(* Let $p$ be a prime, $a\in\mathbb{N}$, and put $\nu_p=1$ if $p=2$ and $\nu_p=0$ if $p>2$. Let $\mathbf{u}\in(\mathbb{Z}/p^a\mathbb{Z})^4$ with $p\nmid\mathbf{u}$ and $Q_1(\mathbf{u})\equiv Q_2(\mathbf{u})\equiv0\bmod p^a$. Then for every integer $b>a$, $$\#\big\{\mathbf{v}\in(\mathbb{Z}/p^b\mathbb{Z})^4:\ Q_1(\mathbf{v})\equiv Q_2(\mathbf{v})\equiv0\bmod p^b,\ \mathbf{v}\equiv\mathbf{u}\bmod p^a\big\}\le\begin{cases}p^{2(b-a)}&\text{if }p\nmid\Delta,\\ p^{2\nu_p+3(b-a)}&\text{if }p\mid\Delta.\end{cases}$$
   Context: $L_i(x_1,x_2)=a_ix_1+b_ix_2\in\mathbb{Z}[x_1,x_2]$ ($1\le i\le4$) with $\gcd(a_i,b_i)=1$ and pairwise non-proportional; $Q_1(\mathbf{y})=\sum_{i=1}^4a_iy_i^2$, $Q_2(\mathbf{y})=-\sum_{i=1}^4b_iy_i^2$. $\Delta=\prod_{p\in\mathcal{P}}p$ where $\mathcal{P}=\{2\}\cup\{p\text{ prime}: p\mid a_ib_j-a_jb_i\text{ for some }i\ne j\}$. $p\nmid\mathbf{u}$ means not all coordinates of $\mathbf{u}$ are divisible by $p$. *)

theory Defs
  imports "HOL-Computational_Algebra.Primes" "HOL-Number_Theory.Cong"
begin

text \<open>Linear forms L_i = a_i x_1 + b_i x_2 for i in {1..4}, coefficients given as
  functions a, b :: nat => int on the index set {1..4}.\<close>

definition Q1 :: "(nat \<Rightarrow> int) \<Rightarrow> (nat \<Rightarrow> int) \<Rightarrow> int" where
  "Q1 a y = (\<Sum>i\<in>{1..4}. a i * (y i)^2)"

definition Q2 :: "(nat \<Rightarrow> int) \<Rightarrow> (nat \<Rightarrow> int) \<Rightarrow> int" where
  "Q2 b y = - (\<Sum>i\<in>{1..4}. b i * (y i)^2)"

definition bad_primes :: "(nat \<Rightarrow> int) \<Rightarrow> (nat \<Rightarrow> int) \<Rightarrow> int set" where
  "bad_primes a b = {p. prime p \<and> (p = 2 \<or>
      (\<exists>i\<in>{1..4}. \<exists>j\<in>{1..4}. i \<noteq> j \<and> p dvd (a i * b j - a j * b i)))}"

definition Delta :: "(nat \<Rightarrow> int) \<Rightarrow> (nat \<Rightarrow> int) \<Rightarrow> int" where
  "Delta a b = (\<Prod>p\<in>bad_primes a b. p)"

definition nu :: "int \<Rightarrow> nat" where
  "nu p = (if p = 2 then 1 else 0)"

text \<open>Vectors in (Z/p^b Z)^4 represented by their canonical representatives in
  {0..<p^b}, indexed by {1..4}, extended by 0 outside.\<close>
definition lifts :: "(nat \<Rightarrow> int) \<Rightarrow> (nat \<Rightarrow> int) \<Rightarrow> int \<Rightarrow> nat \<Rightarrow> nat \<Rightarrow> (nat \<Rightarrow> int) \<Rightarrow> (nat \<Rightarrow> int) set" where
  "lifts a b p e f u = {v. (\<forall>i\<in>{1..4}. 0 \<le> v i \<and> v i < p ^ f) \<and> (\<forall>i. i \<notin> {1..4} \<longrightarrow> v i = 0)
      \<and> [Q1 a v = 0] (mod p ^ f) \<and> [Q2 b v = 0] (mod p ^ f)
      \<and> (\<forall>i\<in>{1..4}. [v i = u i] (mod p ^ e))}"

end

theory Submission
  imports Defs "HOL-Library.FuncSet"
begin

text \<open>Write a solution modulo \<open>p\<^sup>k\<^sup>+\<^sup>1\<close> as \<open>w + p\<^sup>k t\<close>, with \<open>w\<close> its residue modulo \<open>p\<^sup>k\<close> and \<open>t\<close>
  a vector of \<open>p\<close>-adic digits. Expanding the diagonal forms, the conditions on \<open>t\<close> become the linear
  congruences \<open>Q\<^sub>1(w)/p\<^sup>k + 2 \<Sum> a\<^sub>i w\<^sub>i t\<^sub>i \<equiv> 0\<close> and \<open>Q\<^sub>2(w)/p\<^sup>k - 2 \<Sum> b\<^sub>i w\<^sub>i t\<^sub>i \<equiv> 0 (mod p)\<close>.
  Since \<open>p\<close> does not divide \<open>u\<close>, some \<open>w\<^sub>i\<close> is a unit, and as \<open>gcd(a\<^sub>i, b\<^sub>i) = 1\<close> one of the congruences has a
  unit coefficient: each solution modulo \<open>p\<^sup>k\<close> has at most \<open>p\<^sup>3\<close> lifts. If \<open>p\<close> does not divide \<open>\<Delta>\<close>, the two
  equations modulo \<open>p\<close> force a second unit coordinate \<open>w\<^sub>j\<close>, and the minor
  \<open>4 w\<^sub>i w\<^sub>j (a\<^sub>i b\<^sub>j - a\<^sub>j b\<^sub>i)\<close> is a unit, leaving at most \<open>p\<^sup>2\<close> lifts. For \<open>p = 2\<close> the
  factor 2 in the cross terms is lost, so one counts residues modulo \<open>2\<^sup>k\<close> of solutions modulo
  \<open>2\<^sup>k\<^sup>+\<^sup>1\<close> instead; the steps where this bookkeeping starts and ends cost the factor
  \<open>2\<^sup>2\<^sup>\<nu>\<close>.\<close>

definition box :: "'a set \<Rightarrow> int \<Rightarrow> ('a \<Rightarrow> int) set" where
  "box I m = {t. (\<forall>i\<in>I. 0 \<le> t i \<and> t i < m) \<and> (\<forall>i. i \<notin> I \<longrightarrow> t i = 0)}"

==

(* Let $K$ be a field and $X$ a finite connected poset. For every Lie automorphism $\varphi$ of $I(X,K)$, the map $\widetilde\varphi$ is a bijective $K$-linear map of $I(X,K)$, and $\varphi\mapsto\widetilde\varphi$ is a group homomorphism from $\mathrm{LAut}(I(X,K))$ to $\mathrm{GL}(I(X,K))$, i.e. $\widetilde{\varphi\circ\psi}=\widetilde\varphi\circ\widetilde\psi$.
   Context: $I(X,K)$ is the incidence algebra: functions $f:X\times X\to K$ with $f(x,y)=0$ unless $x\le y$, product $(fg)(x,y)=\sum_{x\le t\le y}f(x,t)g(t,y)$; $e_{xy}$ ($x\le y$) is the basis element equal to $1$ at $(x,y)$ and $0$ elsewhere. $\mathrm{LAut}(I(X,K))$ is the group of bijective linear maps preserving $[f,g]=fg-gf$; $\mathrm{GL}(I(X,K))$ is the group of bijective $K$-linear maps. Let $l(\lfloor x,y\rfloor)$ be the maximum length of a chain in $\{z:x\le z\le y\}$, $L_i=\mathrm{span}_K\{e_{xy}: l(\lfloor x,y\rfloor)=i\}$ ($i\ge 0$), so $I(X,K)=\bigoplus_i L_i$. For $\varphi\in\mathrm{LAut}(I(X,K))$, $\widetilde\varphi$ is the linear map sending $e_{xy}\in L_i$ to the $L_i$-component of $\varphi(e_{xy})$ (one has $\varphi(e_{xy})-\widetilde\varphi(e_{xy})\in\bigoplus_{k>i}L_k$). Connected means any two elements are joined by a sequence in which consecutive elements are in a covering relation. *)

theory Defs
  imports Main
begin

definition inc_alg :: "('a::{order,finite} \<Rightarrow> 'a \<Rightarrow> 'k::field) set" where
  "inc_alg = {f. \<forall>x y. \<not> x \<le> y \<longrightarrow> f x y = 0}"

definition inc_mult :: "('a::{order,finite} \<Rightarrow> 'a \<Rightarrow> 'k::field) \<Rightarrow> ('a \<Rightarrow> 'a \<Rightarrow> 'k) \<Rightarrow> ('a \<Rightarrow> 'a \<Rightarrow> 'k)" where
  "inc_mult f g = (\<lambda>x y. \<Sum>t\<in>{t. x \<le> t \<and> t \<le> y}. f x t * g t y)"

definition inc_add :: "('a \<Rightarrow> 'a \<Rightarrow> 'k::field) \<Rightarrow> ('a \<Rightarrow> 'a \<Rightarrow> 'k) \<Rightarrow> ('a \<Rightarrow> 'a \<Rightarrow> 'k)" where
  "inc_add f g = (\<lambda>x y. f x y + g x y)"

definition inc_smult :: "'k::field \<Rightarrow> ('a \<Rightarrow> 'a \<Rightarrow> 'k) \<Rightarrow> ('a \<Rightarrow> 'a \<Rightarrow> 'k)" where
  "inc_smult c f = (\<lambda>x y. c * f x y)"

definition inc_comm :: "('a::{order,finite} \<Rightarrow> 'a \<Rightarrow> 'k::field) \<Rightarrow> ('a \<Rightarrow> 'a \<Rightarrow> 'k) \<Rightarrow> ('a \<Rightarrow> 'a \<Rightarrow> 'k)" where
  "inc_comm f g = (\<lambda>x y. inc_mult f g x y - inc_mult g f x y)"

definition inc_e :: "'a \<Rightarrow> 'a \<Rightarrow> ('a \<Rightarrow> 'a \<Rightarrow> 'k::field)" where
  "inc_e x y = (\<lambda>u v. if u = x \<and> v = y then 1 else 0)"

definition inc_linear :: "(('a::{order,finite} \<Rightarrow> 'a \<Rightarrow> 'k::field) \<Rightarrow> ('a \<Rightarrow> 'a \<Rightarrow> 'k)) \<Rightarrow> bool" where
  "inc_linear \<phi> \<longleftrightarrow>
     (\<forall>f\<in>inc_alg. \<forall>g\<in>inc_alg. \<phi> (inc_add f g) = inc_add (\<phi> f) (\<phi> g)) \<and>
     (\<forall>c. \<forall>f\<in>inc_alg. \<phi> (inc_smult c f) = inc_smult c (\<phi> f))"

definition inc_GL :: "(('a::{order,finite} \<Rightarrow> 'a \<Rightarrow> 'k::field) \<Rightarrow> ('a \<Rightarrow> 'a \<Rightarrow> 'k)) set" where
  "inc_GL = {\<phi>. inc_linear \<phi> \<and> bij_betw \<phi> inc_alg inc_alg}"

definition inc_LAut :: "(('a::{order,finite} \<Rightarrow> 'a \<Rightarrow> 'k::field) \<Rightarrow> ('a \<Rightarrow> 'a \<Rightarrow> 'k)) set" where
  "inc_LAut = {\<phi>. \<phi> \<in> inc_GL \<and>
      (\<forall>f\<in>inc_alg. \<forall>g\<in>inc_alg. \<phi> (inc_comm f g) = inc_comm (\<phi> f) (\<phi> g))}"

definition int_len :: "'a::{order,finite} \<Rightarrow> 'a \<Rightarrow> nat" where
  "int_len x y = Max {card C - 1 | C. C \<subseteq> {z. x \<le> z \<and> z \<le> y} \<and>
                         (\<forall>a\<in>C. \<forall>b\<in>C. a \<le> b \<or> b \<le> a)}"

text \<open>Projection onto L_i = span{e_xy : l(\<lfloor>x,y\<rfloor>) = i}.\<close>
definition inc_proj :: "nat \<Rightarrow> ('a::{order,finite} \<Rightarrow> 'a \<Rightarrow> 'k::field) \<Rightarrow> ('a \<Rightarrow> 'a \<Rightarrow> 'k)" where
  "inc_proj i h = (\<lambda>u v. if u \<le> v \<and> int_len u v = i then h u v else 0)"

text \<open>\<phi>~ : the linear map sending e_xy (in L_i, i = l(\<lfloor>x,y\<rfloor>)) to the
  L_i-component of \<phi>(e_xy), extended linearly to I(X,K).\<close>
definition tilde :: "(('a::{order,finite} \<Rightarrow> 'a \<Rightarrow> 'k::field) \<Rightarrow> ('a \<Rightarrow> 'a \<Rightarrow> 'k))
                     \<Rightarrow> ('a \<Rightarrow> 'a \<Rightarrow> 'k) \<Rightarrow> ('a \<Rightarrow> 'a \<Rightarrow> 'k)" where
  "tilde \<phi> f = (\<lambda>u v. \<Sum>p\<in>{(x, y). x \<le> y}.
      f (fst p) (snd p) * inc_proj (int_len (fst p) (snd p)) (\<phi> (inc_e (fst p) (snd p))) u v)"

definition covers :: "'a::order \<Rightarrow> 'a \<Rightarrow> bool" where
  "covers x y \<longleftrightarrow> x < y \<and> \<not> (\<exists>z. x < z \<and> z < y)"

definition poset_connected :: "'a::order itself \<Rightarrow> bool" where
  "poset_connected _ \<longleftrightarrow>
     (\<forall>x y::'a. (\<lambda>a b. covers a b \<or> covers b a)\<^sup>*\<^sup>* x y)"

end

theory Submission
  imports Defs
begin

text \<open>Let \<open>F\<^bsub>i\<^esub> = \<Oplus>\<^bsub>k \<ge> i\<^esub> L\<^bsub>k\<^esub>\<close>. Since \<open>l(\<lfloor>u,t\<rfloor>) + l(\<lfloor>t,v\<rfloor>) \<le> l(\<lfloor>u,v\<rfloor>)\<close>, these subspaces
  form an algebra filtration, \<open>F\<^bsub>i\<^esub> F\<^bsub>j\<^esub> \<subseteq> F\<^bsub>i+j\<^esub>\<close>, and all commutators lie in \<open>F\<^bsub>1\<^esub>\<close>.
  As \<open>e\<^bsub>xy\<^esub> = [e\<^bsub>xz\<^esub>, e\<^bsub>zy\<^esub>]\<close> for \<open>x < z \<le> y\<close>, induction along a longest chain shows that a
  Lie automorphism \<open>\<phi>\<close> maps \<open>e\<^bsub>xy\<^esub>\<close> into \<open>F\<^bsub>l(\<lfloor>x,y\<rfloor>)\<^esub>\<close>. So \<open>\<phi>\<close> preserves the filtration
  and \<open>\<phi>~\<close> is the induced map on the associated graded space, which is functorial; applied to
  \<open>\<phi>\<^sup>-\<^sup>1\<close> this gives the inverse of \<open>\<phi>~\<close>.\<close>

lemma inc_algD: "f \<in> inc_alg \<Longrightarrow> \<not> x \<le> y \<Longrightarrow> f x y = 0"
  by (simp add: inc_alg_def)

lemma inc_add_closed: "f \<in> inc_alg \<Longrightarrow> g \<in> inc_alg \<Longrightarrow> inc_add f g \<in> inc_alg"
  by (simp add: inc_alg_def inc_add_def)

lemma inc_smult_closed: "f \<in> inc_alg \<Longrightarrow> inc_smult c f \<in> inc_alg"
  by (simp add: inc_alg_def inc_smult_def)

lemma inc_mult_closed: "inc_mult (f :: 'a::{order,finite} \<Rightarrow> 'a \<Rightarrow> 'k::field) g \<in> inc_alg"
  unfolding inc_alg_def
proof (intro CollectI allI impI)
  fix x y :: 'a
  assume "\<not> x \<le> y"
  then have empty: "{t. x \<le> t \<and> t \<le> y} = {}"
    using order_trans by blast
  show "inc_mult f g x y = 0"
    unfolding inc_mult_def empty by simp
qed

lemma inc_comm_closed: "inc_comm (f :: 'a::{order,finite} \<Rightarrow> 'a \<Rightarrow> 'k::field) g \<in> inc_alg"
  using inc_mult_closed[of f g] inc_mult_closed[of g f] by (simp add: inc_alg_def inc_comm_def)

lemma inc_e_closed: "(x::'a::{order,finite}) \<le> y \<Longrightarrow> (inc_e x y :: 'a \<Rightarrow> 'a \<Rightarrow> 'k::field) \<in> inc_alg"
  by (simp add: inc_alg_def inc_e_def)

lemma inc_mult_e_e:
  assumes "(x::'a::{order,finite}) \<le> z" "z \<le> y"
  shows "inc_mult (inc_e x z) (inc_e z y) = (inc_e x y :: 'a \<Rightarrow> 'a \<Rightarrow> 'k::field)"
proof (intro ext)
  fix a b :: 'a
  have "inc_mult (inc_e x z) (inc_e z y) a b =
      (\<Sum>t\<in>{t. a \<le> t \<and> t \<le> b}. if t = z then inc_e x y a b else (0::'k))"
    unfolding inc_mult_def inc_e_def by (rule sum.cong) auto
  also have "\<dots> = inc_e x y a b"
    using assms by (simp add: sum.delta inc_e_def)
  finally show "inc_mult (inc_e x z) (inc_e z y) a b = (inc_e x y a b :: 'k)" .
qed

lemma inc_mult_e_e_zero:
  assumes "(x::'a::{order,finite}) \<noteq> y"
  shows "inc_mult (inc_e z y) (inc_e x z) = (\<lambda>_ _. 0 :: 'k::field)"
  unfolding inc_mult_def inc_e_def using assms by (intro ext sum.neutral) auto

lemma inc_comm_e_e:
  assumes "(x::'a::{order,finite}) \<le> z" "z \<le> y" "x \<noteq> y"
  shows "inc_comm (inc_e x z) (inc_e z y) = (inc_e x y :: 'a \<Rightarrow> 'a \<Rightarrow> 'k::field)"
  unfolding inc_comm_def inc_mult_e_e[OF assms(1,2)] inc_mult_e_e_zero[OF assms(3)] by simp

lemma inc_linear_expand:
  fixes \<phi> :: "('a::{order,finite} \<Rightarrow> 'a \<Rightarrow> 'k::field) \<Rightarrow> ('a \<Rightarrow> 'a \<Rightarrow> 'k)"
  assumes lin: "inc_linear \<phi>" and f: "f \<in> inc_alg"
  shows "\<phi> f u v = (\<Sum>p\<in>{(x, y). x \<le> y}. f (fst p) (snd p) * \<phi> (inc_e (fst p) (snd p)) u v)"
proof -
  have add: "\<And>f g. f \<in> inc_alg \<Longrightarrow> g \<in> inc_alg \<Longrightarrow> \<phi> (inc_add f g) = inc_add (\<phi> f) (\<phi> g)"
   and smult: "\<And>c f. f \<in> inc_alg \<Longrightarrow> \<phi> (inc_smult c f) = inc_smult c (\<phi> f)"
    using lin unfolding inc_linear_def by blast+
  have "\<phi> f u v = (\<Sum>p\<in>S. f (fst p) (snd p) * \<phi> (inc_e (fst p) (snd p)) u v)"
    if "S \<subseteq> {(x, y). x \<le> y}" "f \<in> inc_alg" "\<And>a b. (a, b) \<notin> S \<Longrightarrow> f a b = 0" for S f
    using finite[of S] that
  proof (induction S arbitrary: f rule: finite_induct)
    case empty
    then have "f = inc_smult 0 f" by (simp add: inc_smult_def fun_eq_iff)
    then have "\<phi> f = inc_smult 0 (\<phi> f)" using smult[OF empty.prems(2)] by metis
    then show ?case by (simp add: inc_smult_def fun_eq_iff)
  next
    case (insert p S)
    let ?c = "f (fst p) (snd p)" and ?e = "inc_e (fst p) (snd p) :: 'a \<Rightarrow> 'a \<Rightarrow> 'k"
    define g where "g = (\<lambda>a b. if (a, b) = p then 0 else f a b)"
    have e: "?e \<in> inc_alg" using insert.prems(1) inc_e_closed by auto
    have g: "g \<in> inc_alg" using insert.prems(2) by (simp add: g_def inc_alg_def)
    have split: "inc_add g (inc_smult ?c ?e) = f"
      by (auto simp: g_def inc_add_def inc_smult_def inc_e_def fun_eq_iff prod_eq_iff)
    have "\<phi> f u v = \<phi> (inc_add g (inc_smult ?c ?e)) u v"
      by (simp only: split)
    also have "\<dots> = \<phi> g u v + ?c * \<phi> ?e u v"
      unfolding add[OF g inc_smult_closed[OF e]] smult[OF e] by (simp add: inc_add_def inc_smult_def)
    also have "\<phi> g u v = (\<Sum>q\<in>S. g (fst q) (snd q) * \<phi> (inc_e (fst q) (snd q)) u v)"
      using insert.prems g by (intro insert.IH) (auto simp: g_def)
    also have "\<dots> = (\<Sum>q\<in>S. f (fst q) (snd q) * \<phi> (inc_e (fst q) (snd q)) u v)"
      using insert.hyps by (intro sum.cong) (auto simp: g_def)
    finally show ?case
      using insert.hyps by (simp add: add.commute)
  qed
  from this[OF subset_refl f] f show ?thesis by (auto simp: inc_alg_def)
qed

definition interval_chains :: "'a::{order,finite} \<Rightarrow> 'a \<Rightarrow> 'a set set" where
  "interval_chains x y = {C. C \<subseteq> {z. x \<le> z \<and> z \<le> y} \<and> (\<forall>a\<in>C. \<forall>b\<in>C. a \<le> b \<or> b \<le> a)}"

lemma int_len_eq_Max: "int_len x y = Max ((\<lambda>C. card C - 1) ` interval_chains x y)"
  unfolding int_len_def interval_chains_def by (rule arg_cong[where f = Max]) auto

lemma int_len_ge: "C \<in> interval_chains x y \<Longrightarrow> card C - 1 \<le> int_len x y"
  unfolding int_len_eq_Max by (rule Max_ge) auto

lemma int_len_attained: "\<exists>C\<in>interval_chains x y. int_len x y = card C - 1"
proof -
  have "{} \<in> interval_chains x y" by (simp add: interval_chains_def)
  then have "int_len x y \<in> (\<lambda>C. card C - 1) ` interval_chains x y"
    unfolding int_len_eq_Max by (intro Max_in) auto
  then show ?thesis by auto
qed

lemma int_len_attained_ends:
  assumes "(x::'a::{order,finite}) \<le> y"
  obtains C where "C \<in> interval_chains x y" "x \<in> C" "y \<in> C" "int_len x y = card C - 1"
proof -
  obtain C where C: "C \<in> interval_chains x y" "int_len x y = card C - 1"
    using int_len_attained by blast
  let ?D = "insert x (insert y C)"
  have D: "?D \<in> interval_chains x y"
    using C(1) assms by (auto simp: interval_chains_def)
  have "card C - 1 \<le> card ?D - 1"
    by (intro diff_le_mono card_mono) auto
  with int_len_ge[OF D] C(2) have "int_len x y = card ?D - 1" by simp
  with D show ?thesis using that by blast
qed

ACTIVITY
With the line holding "(* Let $p$ be" as the first and the line holding "functions a, b" as the last, please transcribe exactly the lines of the material above in that range and nothing else.

ANSWER AREA
(* Let $p$ be a prime, $a\in\mathbb{N}$, and put $\nu_p=1$ if $p=2$ and $\nu_p=0$ if $p>2$. Let $\mathbf{u}\in(\mathbb{Z}/p^a\mathbb{Z})^4$ with $p\nmid\mathbf{u}$ and $Q_1(\mathbf{u})\equiv Q_2(\mathbf{u})\equiv0\bmod p^a$. Then for every integer $b>a$, $$\#\big\{\mathbf{v}\in(\mathbb{Z}/p^b\mathbb{Z})^4:\ Q_1(\mathbf{v})\equiv Q_2(\mathbf{v})\equiv0\bmod p^b,\ \mathbf{v}\equiv\mathbf{u}\bmod p^a\big\}\le\begin{cases}p^{2(b-a)}&\text{if }p\nmid\Delta,\\ p^{2\nu_p+3(b-a)}&\text{if }p\mid\Delta.\end{cases}$$
   Context: $L_i(x_1,x_2)=a_ix_1+b_ix_2\in\mathbb{Z}[x_1,x_2]$ ($1\le i\le4$) with $\gcd(a_i,b_i)=1$ and pairwise non-proportional; $Q_1(\mathbf{y})=\sum_{i=1}^4a_iy_i^2$, $Q_2(\mathbf{y})=-\sum_{i=1}^4b_iy_i^2$. $\Delta=\prod_{p\in\mathcal{P}}p$ where $\mathcal{P}=\{2\}\cup\{p\text{ prime}: p\mid a_ib_j-a_jb_i\text{ for some }i\ne j\}$. $p\nmid\mathbf{u}$ means not all coordinates of $\mathbf{u}$ are divisible by $p$. *)

theory Defs
  imports "HOL-Computational_Algebra.Primes" "HOL-Number_Theory.Cong"
begin

text \<open>Linear forms L_i = a_i x_1 + b_i x_2 for i in {1..4}, coefficients given as
  functions a, b :: nat => int on the index set {1..4}.\<close>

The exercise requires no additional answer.